Task to carry out
Counting only lines below that hold "auto", give the total alone.

Record excerpts
text \<open>Atoms may repeat; the mass sitting at a point is shared among the atoms located there in
  proportion to their weights.\<close>
definition atom_share :: "nat \<Rightarrow> (nat \<Rightarrow> real) \<Rightarrow> (nat \<Rightarrow> 'a) \<Rightarrow> nat \<Rightarrow> 'a \<Rightarrow> real" where
  "atom_share k w a j b = indicator {a j} b * (w j / atom_mass k w a (a j))"

lemma borel_measurable_atom_share [measurable]:
  "atom_share k w (a :: nat \<Rightarrow> 'a::euclidean_space) j \<in> borel_measurable borel"
  unfolding atom_share_def by measurable

lemma atom_mass_pos:
  assumes w: "\<And>l. l < k \<Longrightarrow> w l > 0" and j: "j < k"
  shows "atom_mass k w a (a j) > 0"
proof -
  have "(if a j = a j then w j else 0) \<le> atom_mass k w a (a j)"
    unfolding atom_mass_def by (rule member_le_sum) (use w j in \<open>auto intro: less_imp_le\<close>)
  then show ?thesis using w[OF j] by simp
qed

lemma atom_share_nonneg:
  assumes "\<And>l. l < k \<Longrightarrow> w l > 0" and "j < k"
  shows "atom_share k w a j b \<ge> 0"
  unfolding atom_share_def using atom_mass_pos[where w=w and a=a, OF assms] assms
  by (intro mult_nonneg_nonneg divide_nonneg_nonneg) (auto intro: less_imp_le)

lemma sum_atom_share:
  assumes w: "\<And>l. l < k \<Longrightarrow> w l > 0"
  shows "(\<Sum>j<k. atom_share k w a j b) = indicator (a ` {..<k}) b"
proof (cases "b \<in> a ` {..<k}")
  case True
  then obtain j0 where j0: "j0 < k" "b = a j0" by auto
  have "(\<Sum>j<k. atom_share k w a j b) = (\<Sum>j<k. (if a j = b then w j else 0) / atom_mass k w a b)"
    by (rule sum.cong) (auto simp: atom_share_def)
  also have "\<dots> = 1"
    using atom_mass_pos[where w=w and a=a, OF w j0(1)] j0
    by (simp add: atom_mass_def flip: sum_divide_distrib)
  finally show ?thesis using True by simp
next
  case False
  then show ?thesis by (auto simp: atom_share_def indicator_def intro!: sum.neutral)
qed

lemma integral_atom_share:
  assumes w: "\<And>l. l < k \<Longrightarrow> w l > 0" and j: "j < k"
  shows "(\<integral>b. atom_share k w a j b \<partial>atomic_measure k w a) = w j"
proof -
  have "emeasure (atomic_measure k w a) {a j} = (\<Sum>l<k. ennreal (w l) * indicator {a j} (a l))"
    by (rule emeasure_atomic_measure) simp
  also have "\<dots> = (\<Sum>l<k. ennreal (if a l = a j then w l else 0))"
    by (rule sum.cong) (simp_all add: indicator_def)
  also have "\<dots> = ennreal (atom_mass k w a (a j))"
    unfolding atom_mass_def by (rule sum_ennreal) (use w in \<open>auto intro: less_imp_le\<close>)
  finally have "measure (atomic_measure k w a) {a j} = atom_mass k w a (a j)"
    using atom_mass_pos[where w=w and a=a, OF w j] by (simp add: measure_def)
  then show ?thesis
    using atom_mass_pos[where w=w and a=a, OF w j] by (simp add: atom_share_def)
qed

lemma integral_atom_share_distr:
  assumes g: "g \<in> measurable M borel" and distr: "distr M borel g = atomic_measure k w a"
    and w: "\<And>l. l < k \<Longrightarrow> w l > 0" and j: "j < k"
  shows "(\<integral>z. atom_share k w a j (g z) \<partial>M) = w j"
proof -
  have "(\<integral>z. atom_share k w a j (g z) \<partial>M) = (\<integral>b. atom_share k w a j b \<partial>atomic_measure k w a)"
    unfolding distr[symmetric] by (rule integral_distr[symmetric, OF g]) simp
  also have "\<dots> = w j"
    by (rule integral_atom_share[OF w j])
  finally show ?thesis .
qed

lemma AE_in_atoms_of_distr_atomic:
  assumes g: "g \<in> measurable M borel" and distr: "distr M borel g = atomic_measure k w a"
  shows "AE z in M. g z \<in> a ` {..<k}"
proof (rule AE_I')
  have closed: "closed (a ` {..<k})" by (rule finite_imp_closed) simp
  then have "emeasure M (g -` (UNIV - a ` {..<k}) \<inter> space M) = 0"
    using emeasure_distr[OF g, of "UNIV - a ` {..<k}"] emeasure_atomic_measure[of "UNIV - a ` {..<k}"]
    by (auto simp: distr)
  then show "g -` (UNIV - a ` {..<k}) \<inter> space M \<in> null_sets M"
    using measurable_sets[OF g, of "UNIV - a ` {..<k}"] closed by (auto simp: null_sets_def)
qed auto

locale atomic_coupling =
  fixes \<gamma> :: "('a::euclidean_space \<times> 'b::euclidean_space) measure"
    and n p :: nat and w1 w2 :: "nat \<Rightarrow> real" and t :: "nat \<Rightarrow> 'a" and \<theta> :: "nat \<Rightarrow> 'b"
  assumes w1_pos: "\<And>i. i < n \<Longrightarrow> w1 i > 0"
    and w2_pos: "\<And>j. j < p \<Longrightarrow> w2 j > 0"
    and sets_coupling: "sets \<gamma> = sets (borel \<Otimes>\<^sub>M borel)"
    and fst_marginal: "distr \<gamma> borel fst = atomic_measure n w1 t"
    and snd_marginal: "distr \<gamma> borel snd = atomic_measure p w2 \<theta>"
begin

lemma measurable_coupling_eq: "measurable \<gamma> N = measurable (borel \<Otimes>\<^sub>M borel) N"
  by (rule measurable_cong_sets[OF sets_coupling refl])

lemma measurable_fst_coupling: "fst \<in> measurable \<gamma> borel"
  unfolding measurable_coupling_eq by (rule measurable_fst)

lemma measurable_snd_coupling: "snd \<in> measurable \<gamma> borel"
  unfolding measurable_coupling_eq by (rule measurable_snd)

sublocale finite_measure \<gamma>
proof
  have "emeasure \<gamma> (space \<gamma>) = emeasure (atomic_measure n w1 t) UNIV"
    using emeasure_distr[OF measurable_fst_coupling, of UNIV] fst_marginal by simp
  also have "\<dots> = (\<Sum>i<n. ennreal (w1 i))"
    by (simp add: emeasure_atomic_measure)
  finally show "emeasure \<gamma> (space \<gamma>) \<noteq> \<infinity>" by simp
qed

definition share_product :: "nat \<Rightarrow> nat \<Rightarrow> 'a \<times> 'b \<Rightarrow> real" where
  "share_product i j z = atom_share n w1 t i (fst z) * atom_share p w2 \<theta> j (snd z)"

definition cell_mass :: "nat \<Rightarrow> nat \<Rightarrow> real" where
  "cell_mass i j = (\<integral>z. share_product i j z \<partial>\<gamma>)"

lemma borel_measurable_share_product: "share_product i j \<in> borel_measurable \<gamma>"
  unfolding share_product_def
  by (intro borel_measurable_times measurable_compose[OF measurable_fst_coupling]
      measurable_compose[OF measurable_snd_coupling] borel_measurable_atom_share)

lemma integrable_share_product: "integrable \<gamma> (share_product i j)"
proof (rule integrable_const_bound)
  show "AE z in \<gamma>. norm (share_product i j z)
      \<le> \<bar>w1 i / atom_mass n w1 t (t i)\<bar> * \<bar>w2 j / atom_mass p w2 \<theta> (\<theta> j)\<bar>"
    by (auto simp: share_product_def atom_share_def indicator_def abs_mult)
qed (rule borel_measurable_share_product)

lemma AE_atoms: "AE z in \<gamma>. fst z \<in> t ` {..<n} \<and> snd z \<in> \<theta> ` {..<p}"
  using AE_in_atoms_of_distr_atomic[OF measurable_fst_coupling fst_marginal]
    AE_in_atoms_of_distr_atomic[OF measurable_snd_coupling snd_marginal]
  by eventually_elim simp

lemma row_sum_cell_mass:
  assumes "i < n"
  shows "(\<Sum>j<p. cell_mass i j) = w1 i"
proof -
  have "(\<Sum>j<p. cell_mass i j) = (\<integral>z. (\<Sum>j<p. share_product i j z) \<partial>\<gamma>)"
    unfolding cell_mass_def by (simp add: integrable_share_product)
  also have "\<dots> = (\<integral>z. atom_share n w1 t i (fst z) \<partial>\<gamma>)"
  proof (rule integral_cong_AE)
    show "AE z in \<gamma>. (\<Sum>j<p. share_product i j z) = atom_share n w1 t i (fst z)"
      using AE_atoms by eventually_elim
        (simp add: share_product_def sum_atom_share[OF w2_pos] flip: sum_distrib_left)
  qed (simp_all add: borel_measurable_sum borel_measurable_share_product
      measurable_compose[OF measurable_fst_coupling borel_measurable_atom_share])
  also have "\<dots> = w1 i"
    by (rule integral_atom_share_distr[OF measurable_fst_coupling fst_marginal w1_pos assms])
  finally show ?thesis .
qed

lemma column_sum_cell_mass:
  assumes "j < p"
  shows "(\<Sum>i<n. cell_mass i j) = w2 j"
proof -
  have "(\<Sum>i<n. cell_mass i j) = (\<integral>z. (\<Sum>i<n. share_product i j z) \<partial>\<gamma>)"
    unfolding cell_mass_def by (simp add: integrable_share_product)
  also have "\<dots> = (\<integral>z. atom_share p w2 \<theta> j (snd z) \<partial>\<gamma>)"
  proof (rule integral_cong_AE)
    show "AE z in \<gamma>. (\<Sum>i<n. share_product i j z) = atom_share p w2 \<theta> j (snd z)"
      using AE_atoms by eventually_elim
        (simp add: share_product_def sum_atom_share[OF w1_pos] flip: sum_distrib_right)
  qed (simp_all add: borel_measurable_sum borel_measurable_share_product
      measurable_compose[OF measurable_snd_coupling borel_measurable_atom_share])
  also have "\<dots> = w2 j"
    by (rule integral_atom_share_distr[OF measurable_snd_coupling snd_marginal w2_pos assms])
  finally show ?thesis .
qed

lemma coupling_matrix_cell_mass: "coupling_matrix n p w1 w2 cell_mass"
  unfolding coupling_matrix_def
proof (intro conjI allI impI)
  fix i j assume "i < n" "j < p"
  then show "cell_mass i j \<ge> 0"
    unfolding cell_mass_def share_product_def
    by (intro integral_nonneg_AE AE_I2 mult_nonneg_nonneg atom_share_nonneg w1_pos w2_pos)
qed (simp_all add: row_sum_cell_mass column_sum_cell_mass)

Answer area
10